2.3 Rosa Mística e Alto Branco: dois espaços, duas realidades

Tendo em vista as múltiplas realidades socioespaciais existentes no espaço, é interessante discutir como se dão as relações existentes entre lugares diversos, com atores diferentes e realidades distintas, embora algumas vezes semelhantes no que concerne a alguns aspectos. A renda e o acesso a recursos e a serviços públicos são fatores que contribuem sobremaneira para a configuração espacial de dado local, além de fatores não materiais, como as relações entre os indivíduos.

A partir de tal constatação busca-se, nesse tópico analisar como essas configurações e relações se apresentam nos espaços do Alto Branco e Rosa Mística, partindo do principio que “é suficiente observar qualquer cidade para verificar que há grande diferenciação entre as características de moradia” (RODRIGUES, 2003, p. 11), busca-se comparar as realidades da Rosa Mística e do Alto Branco, não só a partir dos tipos de moradias existentes, mas de uma forma geral.

A essas características de moradia as quais a autora se refere, por exemplo, juntam-se outros atributos físicos (ou não) que contribuem de forma significativa para a constituição e funcionamento de determinado espaço. Segundo Corrêa (1987, p. 81):

Em relação às áreas residenciais, há bairros aprazíveis e faraônicos, habitados por uma população de alto nível de renda [...] que a par das belas e luxuosas residências, dispõem de uma boa infra-estrutura e serviços adequados[...]. Em oposição a estes bairros, há outros habitados por uma população de baixo nível de renda [...]. Tanto os conjuntos habitacionais como as casas autoconstruidas localizam-se na periferia do espaço urbano, em áreas precariamente dotadas de infra-estrutura e serviços, e de baixo preço da terra.

Os dois espaços analisados encontram-se basicamente nessas circunstâncias, de um lado o Alto Branco, bairro nobre da cidade, onde residem pessoas, na sua maioria, como alto poder aquisitivo, de outro a Rosa Mística, comunidade predominantemente pobre, que apesar de seus avanços ainda possui espaços bastante precários. Esse fato pode ser entendido a partir da afirmação de Corrêa (1993, p. 63):

Os terrenos de maior preço serão utilizados para as melhores residências, atendendo à demanda solvável. Os terrenos como menores preços, pior localizados, serão utilizados na construção de residências inferiores, a serem habitadas pelos que dispõem de menor renda. O como e o onde se fundem, dando origem a áreas que tendem a ser uniformes internamente em termos de renda, padrões culturais, valores, e, sobretudo, em termos dos papéis a serem cumpridos na sociedade pelos seus habitantes.
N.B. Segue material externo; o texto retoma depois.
definition progression_poly :: "nat \<Rightarrow> nat \<Rightarrow> nat \<Rightarrow> nat \<Rightarrow> 'a::comm_ring_1 poly" where
  "progression_poly p n k j = (\<Prod>m<n. [:of_int (int j + int p * (int m - int k)), of_nat p:])"

lemma degree_progression_poly: "degree (progression_poly p n k j) \<le> n"
proof -
  have "degree (progression_poly p n k j :: 'a poly) \<le>
      (\<Sum>m<n. degree ([:of_int (int j + int p * (int m - int k)), of_nat p:] :: 'a poly))"
    unfolding progression_poly_def
    using degree_prod_sum_le[of "{..<n}"
        "\<lambda>m. [:of_int (int j + int p * (int m - int k)), of_nat p:] :: 'a poly"]
    by (simp add: o_def)
  also have "\<dots> \<le> (\<Sum>m<n. 1)"
    by (intro sum_mono) (simp add: degree_pCons_le)
  finally show ?thesis by simp
qed

lemma poly_progression_poly_node:
  "poly (progression_poly p n k j) (of_int (int k - int l)) =
    (of_int (\<Prod>m<n. int j + int p * (int m - int l)) :: 'a::comm_ring_1)"
  unfolding progression_poly_def poly_prod of_int_prod
  by (intro prod.cong refl) (simp add: algebra_simps)

lemma poly_progression_poly_shift:
  assumes "p > 0"
  shows "poly (progression_poly p n k j) (t + of_nat k) =
    of_nat p ^ n * pochhammer (t + of_nat j / of_nat p :: 'a::field_char_0) n"
proof -
  have "of_int (int j + int p * (int m - int k)) + (t + of_nat k) * of_nat p =
      of_nat p * (t + of_nat j / of_nat p + of_nat m)" for m
    using assms by (simp add: field_simps)
  then show ?thesis
    unfolding progression_poly_def poly_prod pochhammer_prod atLeast0LessThan
    by (simp add: prod.distrib)
qed

lemma scaled_integral_fact_div_pochhammer_cofactor:
  assumes "k \<le> n"
  shows "scaled_integral (of_nat (dlcm n))
    (fps_const (fact n) * inverse (fps_of_poly (pochhammer_cofactor n k)) :: 'a::field_char_0 fps)"
  using scaled_integral_div_pochhammer_cofactor[of 1 n k "fact n"] assms
  by (simp add: binomial_fact[symmetric])

lemma scaled_integral_progression_div_pochhammer_cofactor:
  assumes p: "prime p" and k: "k \<le> n"
  shows "scaled_integral (of_nat (dlcm n))
    (fps_const (of_nat p ^ multiplicity p (fact n :: nat)) * fps_of_poly (progression_poly p n k j) *
      inverse (fps_of_poly (pochhammer_cofactor n k)) :: 'a::field_char_0 fps)"
proof (rule scaled_integral_div_pochhammer_cofactor[OF degree_progression_poly k])
  fix l assume l: "l \<le> n"
  define E where "E = multiplicity p (fact n :: nat)"
  obtain q where q: "int p ^ E * (\<Prod>m<n. int j + int p * (int m - int l)) = fact l * fact (n - l) * q"
    using fact_mult_fact_dvd_prod_progression[OF p l] unfolding E_def by (rule dvdE)
  have "(of_nat p ^ E * poly (progression_poly p n k j) (of_int (int k - int l)) :: 'a) =
      of_int (int p ^ E * (\<Prod>m<n. int j + int p * (int m - int l)))"
    unfolding poly_progression_poly_node by simp
  also have "\<dots> = fact l * fact (n - l) * of_int q"
    unfolding q by simp
  finally show "of_nat p ^ multiplicity p (fact n :: nat) * poly (progression_poly p n k j)
      (of_int (int k - int l)) / (fact l * fact (n - l)) \<in> (\<int> :: 'a set)"
    unfolding E_def by simp
qed
(* Let $\alpha\ge-1/2$, $a\ge1$, $u_j(x)=x^{aj}$, $j=1,2,\dots$. Then there is $C$ independent of $j$ such that for all $j\ge1$ and all $f\in L^2(\mathbb{R}_+,d\mu_\alpha)$, \[ \int_0^\infty|j\,u_j\mathcal{T}^{\alpha+aj}(u_j^{-1}f)(x)|^2d\mu_\alpha(x)\le C\int_0^\infty|f(x)|^2d\mu_\alpha(x). \]
   Context: For $\alpha>-1$, $d\mu_\alpha(x)=x^{2\alpha+1}dx$ on $\mathbb{R}_+$, $\langle f,g\rangle_{d\mu_\alpha}=\int_0^\infty f\bar g\,d\mu_\alpha$. Laguerre functions $\ell_k^\alpha(x)=\big(\tfrac{2\Gamma(k+1)}{\Gamma(k+\alpha+1)}\big)^{1/2}L_k^\alpha(x^2)e^{-x^2/2}$ (orthonormal basis of $L^2(\mathbb{R}_+,d\mu_\alpha)$). $L_\alpha^{-1/2}f=\sum_{k\ge0}(4k+2\alpha+2)^{-1/2}\langle f,\ell_k^\alpha\rangle_{d\mu_\alpha}\ell_k^\alpha$ and $\mathcal{T}^\alpha f(x)=\frac1xL_\alpha^{-1/2}f(x)$. *)

theory Defs
  imports "HOL-Analysis.Analysis"
begin

definition mu :: "real \<Rightarrow> real measure" where
  "mu \<alpha> = density lborel (\<lambda>x. ennreal (indicator {0<..} x * x powr (2 * \<alpha> + 1)))"

definition L2 :: "real measure \<Rightarrow> (real \<Rightarrow> complex) set" where
  "L2 M = {f. f \<in> borel_measurable M \<and> (\<integral>\<^sup>+ x. ennreal ((cmod (f x))\<^sup>2) \<partial>M) < \<infinity>}"

definition laguerre_poly :: "real \<Rightarrow> nat \<Rightarrow> real \<Rightarrow> real" where
  "laguerre_poly \<alpha> k x = (\<Sum>i\<le>k. (-1) ^ i * ((real k + \<alpha>) gchoose (k - i)) * x ^ i / fact i)"

definition laguerre_fun :: "real \<Rightarrow> nat \<Rightarrow> real \<Rightarrow> real" where
  "laguerre_fun \<alpha> k x =
     sqrt (2 * Gamma (real k + 1) / Gamma (real k + \<alpha> + 1)) * laguerre_poly \<alpha> k (x\<^sup>2) * exp (- (x\<^sup>2) / 2)"

definition lag_coeff :: "real \<Rightarrow> (real \<Rightarrow> complex) \<Rightarrow> nat \<Rightarrow> complex" where
  "lag_coeff \<alpha> f k = (\<integral> x. f x * cnj (complex_of_real (laguerre_fun \<alpha> k x)) \<partial>mu \<alpha>)"
(* Let $A\subseteq B$ be a ring extension (commutative rings with identity) with the finite character. Then every $B$-regular and locally finitely generated ideal of $A$ is finitely generated.
   Context: An $A$-submodule $S$ of $B$ is called $B$-regular if $SB=B$. The extension $A\subseteq B$ has the finite character if every $B$-regular ideal of $A$ is contained in only finitely many maximal ideals of $A$. An ideal $\mathfrak a$ of $A$ is locally finitely generated if $\mathfrak aA_{\mathfrak m}$ is a finitely generated ideal of $A_{\mathfrak m}$ for every maximal ideal $\mathfrak m$ of $A$. *)

theory Defs
  imports "HOL-Algebra.Algebra"
begin

definition fin_gen_ideal :: "('a, 'b) ring_scheme \<Rightarrow> 'a set \<Rightarrow> bool" where
  "fin_gen_ideal R I \<longleftrightarrow> ideal I R \<and> (\<exists>S. finite S \<and> S \<subseteq> carrier R \<and> I = genideal R S)"

text \<open>Localization R_p of a commutative ring R at a prime ideal p, built as
  equivalence classes of fractions r/s with s outside p.\<close>
definition loc_rel :: "('a, 'b) ring_scheme \<Rightarrow> 'a set \<Rightarrow> (('a \<times> 'a) \<times> ('a \<times> 'a)) set" where
  "loc_rel R p = {((r, s), (r', s')). r \<in> carrier R \<and> s \<in> carrier R - p \<and>
      r' \<in> carrier R \<and> s' \<in> carrier R - p \<and>
      (\<exists>t \<in> carrier R - p. t \<otimes>\<^bsub>R\<^esub> (r \<otimes>\<^bsub>R\<^esub> s' \<ominus>\<^bsub>R\<^esub> r' \<otimes>\<^bsub>R\<^esub> s) = \<zero>\<^bsub>R\<^esub>)}"

definition frac :: "('a, 'b) ring_scheme \<Rightarrow> 'a set \<Rightarrow> 'a \<Rightarrow> 'a \<Rightarrow> ('a \<times> 'a) set" where
  "frac R p r s = loc_rel R p `` {(r, s)}"

definition loc_mult :: "('a, 'b) ring_scheme \<Rightarrow> 'a set \<Rightarrow> ('a \<times> 'a) set \<Rightarrow> ('a \<times> 'a) set \<Rightarrow> ('a \<times> 'a) set" where
  "loc_mult R p U V = \<Union>{C. \<exists>r s r2 s2. C = frac R p (r \<otimes>\<^bsub>R\<^esub> r2) (s \<otimes>\<^bsub>R\<^esub> s2) \<and> (r, s) \<in> U \<and> (r2, s2) \<in> V}"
As palavras do referido autor demonstram como a renda, sobretudo no caso da habitação, influencia a lógica da localização, ou seja, pessoas com maior poder aquisitivo moram em localidade mais favorecidas tanto do ponto de vista social como do infraestrutural. Ao passo que os indivíduos com menor poder aquisitivo tendem a morar em locais menos privilegiados.

Lembrando, no entanto, que apesar de existir exceções, a realidade é bem próxima do que foi exposto por Corrêa, que expõe: “[...] o espaço urbano, especialmente o da cidade capitalista, é profundamente desigual [...]” (1993, p. 08). O autor atribui ao capital a “responsabilidade” por essa desigualdade entre os espaços.

No caso em voga – Alto Branco e Rosa Mística- não é correto, no entanto, afirmar que há homogeneidade nesses lugares, ao contrário é fundamental destacar a multiplicidade de cada um deles, pois possuem características diversas, tanto do ponto de vista aquisitivo como do social e ideológico. Ou seja, além de serem distintos entre si, eles possuem um espaço interno também heterogêneo.

É interessante afirmar ainda que esses dois espaços tem muitas diferenças ao mesmo tempo que possuem algumas semelhanças, abordadas posteriormente. A Rosa Mística e o Alto Branco estão bastante próximos, divididos apenas por algumas ruas fronteiriças.

O Alto Branco é um bairro arborizado, possui um dos microclimas mais amenos entre os bairros de Campina Grande, é pouco movimentado na sua grande parte, o que demonstra entre outras coisas, o pequeno relacionamento que os moradores mantém entre si (Figura 15).

Figura 15 ‒ Rua Manoel Elias de Castro. (parte “nobre” do Alto Branco).

Fonte: Caline Mendes de Araújo. Outubro/2010.

É considerado um dos bairros nobres da cidade, conta com uma série de residências de grande porte, prédios, luxuosas mansões, que geralmente são protegidas por grandes portões, grades de proteção e cercas elétricas, em ruas que segundo Costa e Sá (2007, p. 113) “vão se tornando cegas, pois seus moradores nada vêem isolados por muros que escondem suas casas”, demonstrando muitas vezes o medo da violência urbana, que se instala em variados espaços, independente de suas características e demonstrando também o status que tal lugar e tais pessoas possuem em relação aos demais, sobretudo os seus “opostos”.

O alto poder aquisitivo de grande parte dos moradores desse bairro torna “desnecessário” a instalação de serviços públicos como escolas, postos de saúde e pontos comerciais em algumas de suas áreas, pois certa parcela do bairro dispõe de recursos para buscar esses tipos de serviços em outros locais como os Shoppings Centers da cidade, o centro, outros bairros e até em outros municípios como Recife e João Pessoa.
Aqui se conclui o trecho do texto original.